▶ [WHAT THE TASK REQUIRES]: Retype the entries below without any change.

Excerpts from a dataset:

(* Let $\mathcal A=(d_0,\dots,d_k,\psi)$ be a neural network architecture with a $C^1$ activation function $\psi\colon\mathbb R\to\mathbb R$ whose derivative is locally Lipschitz. Let $\ell\colon\mathbb R^{d_k}\times\mathbb R^{d_k}\to[0,\infty)$ be a $C^1$ loss function with locally Lipschitz gradient, and let $f\colon\mathbb R^{d_0}\to\mathbb R^{d_k}$ be a $C^1$ function with locally Lipschitz differential. Let $\mu$ be a probability measure on $\mathbb R^{d_0}$ such that either $\mu=\frac1n\sum_{i=1}^n\delta_{x_i}$ for some $n\in\mathbb N$ and $x_1,\dots,x_n\in\mathbb R^{d_0}$, or $d\mu(x)=p(x)\,dx$ for a $C^1$ definable function $p\colon\mathbb R^{d_0}\to[0,\infty)$ of compact support. Then $\mathcal L\colon\mathbb R^{d(\mathcal A)}\to\mathbb R$, $\mathcal L(\theta)=\mathbb E_{x\sim\mu}[\ell(\mathcal N^{\mathcal A}_\theta(x),f(x))]$, has locally Lipschitz gradient.
   Context: A $C^1$ map $g\colon\mathbb R^n\to\mathbb R^m$ has locally Lipschitz differential (gradient, derivative) if every point has an open neighbourhood $U$ and $L>0$ with $\|Dg(x_1)-Dg(x_2)\|\le L\|x_1-x_2\|$ for $x_1,x_2\in U$. A loss function is $\ell\colon\mathbb R^n\times\mathbb R^n\to[0,\infty)$ with $\ell(x,y)=0\iff x=y$. Definable means definable in some o-minimal structure (a collection $\mathcal S_n\subseteq\mathcal P(\mathbb R^n)$ closed under finite Boolean operations, products and coordinate projections, containing all sets $\{p>0\}$, $\{p=0\}$ for real polynomials $p$, with every set in $\mathcal S_1$ a finite union of points and intervals; a function is definable if its graph is). A neural network architecture is $\mathcal A=(d_0,\dots,d_k,\psi)$ with positive integers $d_i$ and $\psi\colon\mathbb R\to\mathbb R$; $d(\mathcal A)=\sum_{i=1}^kd_i(d_{i-1}+1)$; $\theta\in\mathbb R^{d(\mathcal A)}$ is identified with $(W_1,b_1,\dots,W_k,b_k)$, $W_i\in\mathbb R^{d_i\times d_{i-1}},b_i\in\mathbb R^{d_i}$; $\mathcal N^{\mathcal A}_\theta=f_k\circ\dots\circ f_1$ with $f_i(x)=\psi^{(d_i)}(W_ix+b_i)$ for $i<k$ ($\psi$ componentwise), $f_k(x)=W_kx+b_k$. $\delta_x$ is the Dirac measure at $x$. *)

theory Defs
  imports "HOL-Probability.Probability"
begin

definition C1_map :: "('a::real_normed_vector \<Rightarrow> 'b::real_normed_vector) \<Rightarrow> bool" where
  "C1_map g \<longleftrightarrow> (\<exists>D::'a \<Rightarrow> ('a \<Rightarrow>\<^sub>L 'b).
     (\<forall>x. (g has_derivative blinfun_apply (D x)) (at x)) \<and> continuous_on UNIV D)"

definition C1_loclip :: "('a::real_normed_vector \<Rightarrow> 'b::real_normed_vector) \<Rightarrow> bool" where
  "C1_loclip g \<longleftrightarrow> (\<exists>D::'a \<Rightarrow> ('a \<Rightarrow>\<^sub>L 'b).
     (\<forall>x. (g has_derivative blinfun_apply (D x)) (at x)) \<and> continuous_on UNIV D \<and>
     (\<forall>x. \<exists>U L. open U \<and> x \<in> U \<and> L > 0 \<and>
        (\<forall>x1\<in>U. \<forall>x2\<in>U. norm (D x1 - D x2) \<le> L * dist x1 x2)))"

definition loss_fun :: "('a \<Rightarrow> 'a \<Rightarrow> real) \<Rightarrow> bool" where
  "loss_fun l \<longleftrightarrow> (\<forall>x y. l x y \<ge> 0 \<and> (l x y = 0 \<longleftrightarrow> x = y))"

definition enum_idx :: "nat \<Rightarrow> 'n::finite" where
  "enum_idx = (SOME f. bij_betw f {..<CARD('n)} (UNIV::'n set))"

definition vec_to_fun :: "real ^ 'n \<Rightarrow> (nat \<Rightarrow> real)" where
  "vec_to_fun x = (\<lambda>i. if i < CARD('n) then x $ (enum_idx i :: 'n) else 0)"

definition fun_to_vec :: "(nat \<Rightarrow> real) \<Rightarrow> real ^ 'n" where
  "fun_to_vec v = (\<chi> j. v (inv_into {..<CARD('n)} (enum_idx :: nat \<Rightarrow> 'n) j))"

definition vec_list :: "real ^ 'n \<Rightarrow> real list" where
  "vec_list x = map (\<lambda>i. x $ (enum_idx i :: 'n)) [0..<CARD('n)]"

text \<open>Architecture ds = [d_0, ..., d_k]; k = length ds - 1.
  Parameter vector theta (entries 0 ..< nn_dim ds) = (W_1, b_1, ..., W_k, b_k),
  each W_i stored row-major, followed by b_i.\<close>

definition nn_dim :: "nat list \<Rightarrow> nat" where
  "nn_dim ds = (\<Sum>i\<in>{1..length ds - 1}. ds!i * (ds!(i-1) + 1))"

definition layer_off :: "nat list \<Rightarrow> nat \<Rightarrow> nat" where
  "layer_off ds i = (\<Sum>j\<in>{1..<i}. ds!j * (ds!(j-1) + 1))"

definition nn_W :: "nat list \<Rightarrow> (nat \<Rightarrow> real) \<Rightarrow> nat \<Rightarrow> nat \<Rightarrow> nat \<Rightarrow> real" where
  "nn_W ds \<theta> i r c = \<theta> (layer_off ds i + r * ds!(i-1) + c)"

definition nn_b :: "nat list \<Rightarrow> (nat \<Rightarrow> real) \<Rightarrow> nat \<Rightarrow> nat \<Rightarrow> real" where
  "nn_b ds \<theta> i r = \<theta> (layer_off ds i + ds!i * ds!(i-1) + r)"

definition nn_affine :: "nat list \<Rightarrow> (nat \<Rightarrow> real) \<Rightarrow> nat \<Rightarrow> (nat \<Rightarrow> real) \<Rightarrow> (nat \<Rightarrow> real)" where
  "nn_affine ds \<theta> i x = (\<lambda>r. if r < ds!i
      then (\<Sum>c<ds!(i-1). nn_W ds \<theta> i r c * x c) + nn_b ds \<theta> i r else 0)"

fun nn_layers :: "nat list \<Rightarrow> (real \<Rightarrow> real) \<Rightarrow> (nat \<Rightarrow> real) \<Rightarrow> nat \<Rightarrow> (nat \<Rightarrow> real) \<Rightarrow> (nat \<Rightarrow> real)" where
  "nn_layers ds \<psi> \<theta> 0 x = x"
| "nn_layers ds \<psi> \<theta> (Suc i) x =
     (let y = nn_affine ds \<theta> (Suc i) (nn_layers ds \<psi> \<theta> i x) in
      if Suc i < length ds - 1 then (\<lambda>r. if r < ds!(Suc i) then \<psi> (y r) else 0) else y)"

▶ [TASK ANSWER]:
(* Let $\mathcal A=(d_0,\dots,d_k,\psi)$ be a neural network architecture with a $C^1$ activation function $\psi\colon\mathbb R\to\mathbb R$ whose derivative is locally Lipschitz. Let $\ell\colon\mathbb R^{d_k}\times\mathbb R^{d_k}\to[0,\infty)$ be a $C^1$ loss function with locally Lipschitz gradient, and let $f\colon\mathbb R^{d_0}\to\mathbb R^{d_k}$ be a $C^1$ function with locally Lipschitz differential. Let $\mu$ be a probability measure on $\mathbb R^{d_0}$ such that either $\mu=\frac1n\sum_{i=1}^n\delta_{x_i}$ for some $n\in\mathbb N$ and $x_1,\dots,x_n\in\mathbb R^{d_0}$, or $d\mu(x)=p(x)\,dx$ for a $C^1$ definable function $p\colon\mathbb R^{d_0}\to[0,\infty)$ of compact support. Then $\mathcal L\colon\mathbb R^{d(\mathcal A)}\to\mathbb R$, $\mathcal L(\theta)=\mathbb E_{x\sim\mu}[\ell(\mathcal N^{\mathcal A}_\theta(x),f(x))]$, has locally Lipschitz gradient.
   Context: A $C^1$ map $g\colon\mathbb R^n\to\mathbb R^m$ has locally Lipschitz differential (gradient, derivative) if every point has an open neighbourhood $U$ and $L>0$ with $\|Dg(x_1)-Dg(x_2)\|\le L\|x_1-x_2\|$ for $x_1,x_2\in U$. A loss function is $\ell\colon\mathbb R^n\times\mathbb R^n\to[0,\infty)$ with $\ell(x,y)=0\iff x=y$. Definable means definable in some o-minimal structure (a collection $\mathcal S_n\subseteq\mathcal P(\mathbb R^n)$ closed under finite Boolean operations, products and coordinate projections, containing all sets $\{p>0\}$, $\{p=0\}$ for real polynomials $p$, with every set in $\mathcal S_1$ a finite union of points and intervals; a function is definable if its graph is). A neural network architecture is $\mathcal A=(d_0,\dots,d_k,\psi)$ with positive integers $d_i$ and $\psi\colon\mathbb R\to\mathbb R$; $d(\mathcal A)=\sum_{i=1}^kd_i(d_{i-1}+1)$; $\theta\in\mathbb R^{d(\mathcal A)}$ is identified with $(W_1,b_1,\dots,W_k,b_k)$, $W_i\in\mathbb R^{d_i\times d_{i-1}},b_i\in\mathbb R^{d_i}$; $\mathcal N^{\mathcal A}_\theta=f_k\circ\dots\circ f_1$ with $f_i(x)=\psi^{(d_i)}(W_ix+b_i)$ for $i<k$ ($\psi$ componentwise), $f_k(x)=W_kx+b_k$. $\delta_x$ is the Dirac measure at $x$. *)

theory Defs
  imports "HOL-Probability.Probability"
begin

definition C1_map :: "('a::real_normed_vector \<Rightarrow> 'b::real_normed_vector) \<Rightarrow> bool" where
  "C1_map g \<longleftrightarrow> (\<exists>D::'a \<Rightarrow> ('a \<Rightarrow>\<^sub>L 'b).
     (\<forall>x. (g has_derivative blinfun_apply (D x)) (at x)) \<and> continuous_on UNIV D)"

definition C1_loclip :: "('a::real_normed_vector \<Rightarrow> 'b::real_normed_vector) \<Rightarrow> bool" where
  "C1_loclip g \<longleftrightarrow> (\<exists>D::'a \<Rightarrow> ('a \<Rightarrow>\<^sub>L 'b).
     (\<forall>x. (g has_derivative blinfun_apply (D x)) (at x)) \<and> continuous_on UNIV D \<and>
     (\<forall>x. \<exists>U L. open U \<and> x \<in> U \<and> L > 0 \<and>
        (\<forall>x1\<in>U. \<forall>x2\<in>U. norm (D x1 - D x2) \<le> L * dist x1 x2)))"

definition loss_fun :: "('a \<Rightarrow> 'a \<Rightarrow> real) \<Rightarrow> bool" where
  "loss_fun l \<longleftrightarrow> (\<forall>x y. l x y \<ge> 0 \<and> (l x y = 0 \<longleftrightarrow> x = y))"

definition enum_idx :: "nat \<Rightarrow> 'n::finite" where
  "enum_idx = (SOME f. bij_betw f {..<CARD('n)} (UNIV::'n set))"

definition vec_to_fun :: "real ^ 'n \<Rightarrow> (nat \<Rightarrow> real)" where
  "vec_to_fun x = (\<lambda>i. if i < CARD('n) then x $ (enum_idx i :: 'n) else 0)"

definition fun_to_vec :: "(nat \<Rightarrow> real) \<Rightarrow> real ^ 'n" where
  "fun_to_vec v = (\<chi> j. v (inv_into {..<CARD('n)} (enum_idx :: nat \<Rightarrow> 'n) j))"

definition vec_list :: "real ^ 'n \<Rightarrow> real list" where
  "vec_list x = map (\<lambda>i. x $ (enum_idx i :: 'n)) [0..<CARD('n)]"

text \<open>Architecture ds = [d_0, ..., d_k]; k = length ds - 1.
  Parameter vector theta (entries 0 ..< nn_dim ds) = (W_1, b_1, ..., W_k, b_k),
  each W_i stored row-major, followed by b_i.\<close>

definition nn_dim :: "nat list \<Rightarrow> nat" where
  "nn_dim ds = (\<Sum>i\<in>{1..length ds - 1}. ds!i * (ds!(i-1) + 1))"

definition layer_off :: "nat list \<Rightarrow> nat \<Rightarrow> nat" where
  "layer_off ds i = (\<Sum>j\<in>{1..<i}. ds!j * (ds!(j-1) + 1))"

definition nn_W :: "nat list \<Rightarrow> (nat \<Rightarrow> real) \<Rightarrow> nat \<Rightarrow> nat \<Rightarrow> nat \<Rightarrow> real" where
  "nn_W ds \<theta> i r c = \<theta> (layer_off ds i + r * ds!(i-1) + c)"

definition nn_b :: "nat list \<Rightarrow> (nat \<Rightarrow> real) \<Rightarrow> nat \<Rightarrow> nat \<Rightarrow> real" where
  "nn_b ds \<theta> i r = \<theta> (layer_off ds i + ds!i * ds!(i-1) + r)"

definition nn_affine :: "nat list \<Rightarrow> (nat \<Rightarrow> real) \<Rightarrow> nat \<Rightarrow> (nat \<Rightarrow> real) \<Rightarrow> (nat \<Rightarrow> real)" where
  "nn_affine ds \<theta> i x = (\<lambda>r. if r < ds!i
      then (\<Sum>c<ds!(i-1). nn_W ds \<theta> i r c * x c) + nn_b ds \<theta> i r else 0)"

fun nn_layers :: "nat list \<Rightarrow> (real \<Rightarrow> real) \<Rightarrow> (nat \<Rightarrow> real) \<Rightarrow> nat \<Rightarrow> (nat \<Rightarrow> real) \<Rightarrow> (nat \<Rightarrow> real)" where
  "nn_layers ds \<psi> \<theta> 0 x = x"
| "nn_layers ds \<psi> \<theta> (Suc i) x =
     (let y = nn_affine ds \<theta> (Suc i) (nn_layers ds \<psi> \<theta> i x) in
      if Suc i < length ds - 1 then (\<lambda>r. if r < ds!(Suc i) then \<psi> (y r) else 0) else y)"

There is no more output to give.